* **TASK STATEMENT**
Repeat exactly the lines of the entries below from the one with "set \<Rightarrow> ('i" through the one with "xs \<in> rels", both ends included, and nothing else.

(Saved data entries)

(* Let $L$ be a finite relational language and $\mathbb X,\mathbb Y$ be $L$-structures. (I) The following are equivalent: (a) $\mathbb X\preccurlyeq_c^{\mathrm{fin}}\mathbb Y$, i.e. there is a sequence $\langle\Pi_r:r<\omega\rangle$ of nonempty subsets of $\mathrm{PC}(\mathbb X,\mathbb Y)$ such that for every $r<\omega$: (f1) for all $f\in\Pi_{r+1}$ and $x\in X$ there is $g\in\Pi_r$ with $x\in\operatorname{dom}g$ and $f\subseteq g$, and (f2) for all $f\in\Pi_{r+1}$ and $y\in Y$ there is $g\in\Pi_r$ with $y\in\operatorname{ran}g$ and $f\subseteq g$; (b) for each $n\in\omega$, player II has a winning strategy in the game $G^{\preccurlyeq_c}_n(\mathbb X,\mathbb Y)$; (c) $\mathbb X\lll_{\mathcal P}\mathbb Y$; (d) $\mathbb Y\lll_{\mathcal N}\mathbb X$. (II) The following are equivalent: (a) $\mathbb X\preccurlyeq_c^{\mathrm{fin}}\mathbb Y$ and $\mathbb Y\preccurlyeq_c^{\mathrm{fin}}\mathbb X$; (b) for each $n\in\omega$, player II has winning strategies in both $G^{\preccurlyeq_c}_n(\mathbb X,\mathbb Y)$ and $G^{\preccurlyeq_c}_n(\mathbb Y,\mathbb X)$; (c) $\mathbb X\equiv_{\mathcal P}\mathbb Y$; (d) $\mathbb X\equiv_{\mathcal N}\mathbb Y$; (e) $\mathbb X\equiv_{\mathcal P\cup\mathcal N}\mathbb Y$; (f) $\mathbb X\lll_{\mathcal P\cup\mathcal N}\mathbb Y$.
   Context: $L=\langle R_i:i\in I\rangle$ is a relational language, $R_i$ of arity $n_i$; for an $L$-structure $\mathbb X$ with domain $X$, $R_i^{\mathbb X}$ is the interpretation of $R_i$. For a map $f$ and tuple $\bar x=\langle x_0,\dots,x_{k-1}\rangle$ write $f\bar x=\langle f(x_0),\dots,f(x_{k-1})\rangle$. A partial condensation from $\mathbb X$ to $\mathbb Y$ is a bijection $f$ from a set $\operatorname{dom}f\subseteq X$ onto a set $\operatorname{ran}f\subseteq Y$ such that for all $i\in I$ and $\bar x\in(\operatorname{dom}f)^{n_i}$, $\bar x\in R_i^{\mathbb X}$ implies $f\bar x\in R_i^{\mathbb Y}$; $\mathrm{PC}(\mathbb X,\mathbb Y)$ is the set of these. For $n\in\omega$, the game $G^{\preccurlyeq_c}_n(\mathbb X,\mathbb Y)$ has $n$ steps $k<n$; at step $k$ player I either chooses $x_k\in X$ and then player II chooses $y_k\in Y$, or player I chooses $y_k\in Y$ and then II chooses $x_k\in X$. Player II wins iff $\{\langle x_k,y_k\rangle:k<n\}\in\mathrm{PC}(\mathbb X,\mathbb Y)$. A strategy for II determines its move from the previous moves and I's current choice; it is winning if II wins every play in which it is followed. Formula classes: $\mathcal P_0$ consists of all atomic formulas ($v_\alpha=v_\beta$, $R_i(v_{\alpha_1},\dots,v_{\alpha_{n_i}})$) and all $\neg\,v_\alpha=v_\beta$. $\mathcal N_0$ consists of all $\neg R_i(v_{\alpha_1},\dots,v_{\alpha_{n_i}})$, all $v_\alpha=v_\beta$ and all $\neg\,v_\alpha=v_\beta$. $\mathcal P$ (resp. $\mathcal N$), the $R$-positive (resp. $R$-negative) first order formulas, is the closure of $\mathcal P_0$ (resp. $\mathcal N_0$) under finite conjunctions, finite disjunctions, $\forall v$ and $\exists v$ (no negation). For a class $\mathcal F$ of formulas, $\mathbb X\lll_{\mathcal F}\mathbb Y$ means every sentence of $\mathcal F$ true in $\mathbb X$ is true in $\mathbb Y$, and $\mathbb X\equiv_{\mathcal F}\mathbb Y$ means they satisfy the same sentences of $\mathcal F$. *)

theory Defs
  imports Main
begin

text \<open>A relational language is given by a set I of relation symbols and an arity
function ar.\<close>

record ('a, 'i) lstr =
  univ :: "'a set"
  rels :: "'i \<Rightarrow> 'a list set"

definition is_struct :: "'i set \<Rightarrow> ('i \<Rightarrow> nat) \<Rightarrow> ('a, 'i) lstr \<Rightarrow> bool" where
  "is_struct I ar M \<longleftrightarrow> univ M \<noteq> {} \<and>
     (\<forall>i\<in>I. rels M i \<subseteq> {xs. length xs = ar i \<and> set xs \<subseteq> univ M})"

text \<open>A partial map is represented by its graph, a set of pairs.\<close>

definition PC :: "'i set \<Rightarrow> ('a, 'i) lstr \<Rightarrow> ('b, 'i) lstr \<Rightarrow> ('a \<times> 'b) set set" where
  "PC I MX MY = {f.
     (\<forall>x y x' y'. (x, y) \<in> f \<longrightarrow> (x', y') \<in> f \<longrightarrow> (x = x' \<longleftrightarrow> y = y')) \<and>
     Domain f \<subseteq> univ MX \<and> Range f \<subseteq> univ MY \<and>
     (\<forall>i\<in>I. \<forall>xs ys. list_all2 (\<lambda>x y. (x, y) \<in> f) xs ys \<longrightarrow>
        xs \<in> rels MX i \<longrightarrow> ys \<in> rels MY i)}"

==

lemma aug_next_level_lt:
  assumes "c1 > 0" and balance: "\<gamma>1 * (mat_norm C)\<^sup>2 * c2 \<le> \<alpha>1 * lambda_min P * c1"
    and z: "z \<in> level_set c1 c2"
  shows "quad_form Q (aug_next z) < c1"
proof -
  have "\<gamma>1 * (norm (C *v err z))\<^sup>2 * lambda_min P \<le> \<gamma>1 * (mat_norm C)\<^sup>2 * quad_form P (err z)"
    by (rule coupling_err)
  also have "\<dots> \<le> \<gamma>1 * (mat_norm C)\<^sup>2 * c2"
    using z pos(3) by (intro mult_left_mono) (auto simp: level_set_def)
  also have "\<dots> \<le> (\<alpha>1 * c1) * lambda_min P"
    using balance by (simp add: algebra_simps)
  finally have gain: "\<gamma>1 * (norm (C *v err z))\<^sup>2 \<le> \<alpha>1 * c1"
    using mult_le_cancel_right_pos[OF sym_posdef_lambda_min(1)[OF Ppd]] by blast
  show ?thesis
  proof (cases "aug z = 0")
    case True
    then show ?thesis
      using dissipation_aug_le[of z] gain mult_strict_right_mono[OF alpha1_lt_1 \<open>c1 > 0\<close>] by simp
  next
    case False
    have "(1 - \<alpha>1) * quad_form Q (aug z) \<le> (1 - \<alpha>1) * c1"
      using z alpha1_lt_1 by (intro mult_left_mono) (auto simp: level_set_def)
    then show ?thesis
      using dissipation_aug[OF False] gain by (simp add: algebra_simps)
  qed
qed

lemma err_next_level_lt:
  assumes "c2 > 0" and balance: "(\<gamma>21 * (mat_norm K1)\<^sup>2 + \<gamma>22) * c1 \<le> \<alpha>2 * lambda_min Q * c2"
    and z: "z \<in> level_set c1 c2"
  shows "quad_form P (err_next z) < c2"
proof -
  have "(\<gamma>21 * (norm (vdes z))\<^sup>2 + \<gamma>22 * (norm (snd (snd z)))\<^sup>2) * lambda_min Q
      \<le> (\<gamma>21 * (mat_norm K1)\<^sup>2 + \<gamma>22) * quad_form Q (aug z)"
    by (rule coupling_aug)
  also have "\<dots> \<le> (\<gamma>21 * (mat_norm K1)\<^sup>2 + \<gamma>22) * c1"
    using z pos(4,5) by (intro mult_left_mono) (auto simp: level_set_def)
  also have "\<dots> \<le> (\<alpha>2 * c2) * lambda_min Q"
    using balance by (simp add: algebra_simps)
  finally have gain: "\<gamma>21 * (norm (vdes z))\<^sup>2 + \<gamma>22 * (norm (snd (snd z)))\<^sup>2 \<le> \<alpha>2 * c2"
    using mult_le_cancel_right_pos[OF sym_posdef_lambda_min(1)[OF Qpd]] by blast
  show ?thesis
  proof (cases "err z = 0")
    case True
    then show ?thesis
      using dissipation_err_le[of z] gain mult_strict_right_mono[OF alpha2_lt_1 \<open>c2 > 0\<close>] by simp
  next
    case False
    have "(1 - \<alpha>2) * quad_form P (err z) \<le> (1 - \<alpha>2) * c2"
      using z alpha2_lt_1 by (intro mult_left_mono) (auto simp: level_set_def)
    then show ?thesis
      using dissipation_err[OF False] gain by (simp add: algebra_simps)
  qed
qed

---

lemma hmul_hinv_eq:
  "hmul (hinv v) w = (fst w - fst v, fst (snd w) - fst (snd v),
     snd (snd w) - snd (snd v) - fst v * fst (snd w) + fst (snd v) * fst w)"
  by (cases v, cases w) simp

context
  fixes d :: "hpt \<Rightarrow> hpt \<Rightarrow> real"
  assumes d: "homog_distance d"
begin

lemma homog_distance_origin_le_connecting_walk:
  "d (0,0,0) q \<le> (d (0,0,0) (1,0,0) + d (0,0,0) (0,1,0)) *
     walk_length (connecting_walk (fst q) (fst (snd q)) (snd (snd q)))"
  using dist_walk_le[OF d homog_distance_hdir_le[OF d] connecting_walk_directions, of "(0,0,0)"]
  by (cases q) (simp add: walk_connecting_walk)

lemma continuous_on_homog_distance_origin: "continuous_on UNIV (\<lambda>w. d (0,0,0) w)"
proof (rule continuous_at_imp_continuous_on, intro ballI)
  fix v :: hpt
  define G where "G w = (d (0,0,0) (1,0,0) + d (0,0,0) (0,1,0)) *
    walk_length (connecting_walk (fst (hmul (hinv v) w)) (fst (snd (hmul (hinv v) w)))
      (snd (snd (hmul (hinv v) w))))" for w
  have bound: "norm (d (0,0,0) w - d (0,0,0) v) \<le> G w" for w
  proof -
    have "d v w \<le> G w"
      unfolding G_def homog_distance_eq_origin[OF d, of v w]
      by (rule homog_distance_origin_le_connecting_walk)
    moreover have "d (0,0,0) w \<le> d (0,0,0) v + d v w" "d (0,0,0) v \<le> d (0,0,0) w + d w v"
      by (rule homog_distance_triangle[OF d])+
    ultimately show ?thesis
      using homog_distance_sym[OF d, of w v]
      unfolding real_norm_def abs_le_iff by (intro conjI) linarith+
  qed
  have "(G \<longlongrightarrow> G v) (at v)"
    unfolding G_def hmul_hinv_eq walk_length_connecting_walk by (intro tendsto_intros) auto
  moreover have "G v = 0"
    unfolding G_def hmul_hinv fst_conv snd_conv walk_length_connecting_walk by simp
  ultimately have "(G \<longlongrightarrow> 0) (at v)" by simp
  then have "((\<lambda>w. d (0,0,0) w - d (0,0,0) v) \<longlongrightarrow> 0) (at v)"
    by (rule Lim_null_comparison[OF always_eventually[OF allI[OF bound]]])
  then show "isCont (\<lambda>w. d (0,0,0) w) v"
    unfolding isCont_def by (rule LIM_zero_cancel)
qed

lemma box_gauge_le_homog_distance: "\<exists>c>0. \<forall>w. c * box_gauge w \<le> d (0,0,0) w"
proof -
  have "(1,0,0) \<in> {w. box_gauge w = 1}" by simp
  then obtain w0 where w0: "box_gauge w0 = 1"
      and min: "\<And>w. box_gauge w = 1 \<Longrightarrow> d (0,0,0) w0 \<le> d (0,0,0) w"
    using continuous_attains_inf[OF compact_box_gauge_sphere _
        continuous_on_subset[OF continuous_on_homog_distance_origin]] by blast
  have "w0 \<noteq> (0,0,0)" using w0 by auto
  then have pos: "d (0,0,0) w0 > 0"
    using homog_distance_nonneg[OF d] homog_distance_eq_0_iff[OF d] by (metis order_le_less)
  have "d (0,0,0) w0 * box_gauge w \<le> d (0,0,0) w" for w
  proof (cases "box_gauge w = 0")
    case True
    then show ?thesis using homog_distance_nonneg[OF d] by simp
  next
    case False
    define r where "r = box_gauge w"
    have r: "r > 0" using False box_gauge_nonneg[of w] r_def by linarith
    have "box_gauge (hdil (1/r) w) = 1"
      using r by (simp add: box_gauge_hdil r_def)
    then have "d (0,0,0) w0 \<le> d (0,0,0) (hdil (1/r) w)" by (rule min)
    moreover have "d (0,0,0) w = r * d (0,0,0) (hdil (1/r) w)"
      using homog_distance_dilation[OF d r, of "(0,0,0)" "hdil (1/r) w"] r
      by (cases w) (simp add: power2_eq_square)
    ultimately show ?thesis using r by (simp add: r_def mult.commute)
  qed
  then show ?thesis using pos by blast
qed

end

* **PROBLEM SOLUTION**
definition is_struct :: "'i set \<Rightarrow> ('i \<Rightarrow> nat) \<Rightarrow> ('a, 'i) lstr \<Rightarrow> bool" where
  "is_struct I ar M \<longleftrightarrow> univ M \<noteq> {} \<and>
     (\<forall>i\<in>I. rels M i \<subseteq> {xs. length xs = ar i \<and> set xs \<subseteq> univ M})"

text \<open>A partial map is represented by its graph, a set of pairs.\<close>

definition PC :: "'i set \<Rightarrow> ('a, 'i) lstr \<Rightarrow> ('b, 'i) lstr \<Rightarrow> ('a \<times> 'b) set set" where
  "PC I MX MY = {f.
     (\<forall>x y x' y'. (x, y) \<in> f \<longrightarrow> (x', y') \<in> f \<longrightarrow> (x = x' \<longleftrightarrow> y = y')) \<and>
     Domain f \<subseteq> univ MX \<and> Range f \<subseteq> univ MY \<and>
     (\<forall>i\<in>I. \<forall>xs ys. list_all2 (\<lambda>x y. (x, y) \<in> f) xs ys \<longrightarrow>
        xs \<in> rels MX i \<longrightarrow> ys \<in> rels MY i)}"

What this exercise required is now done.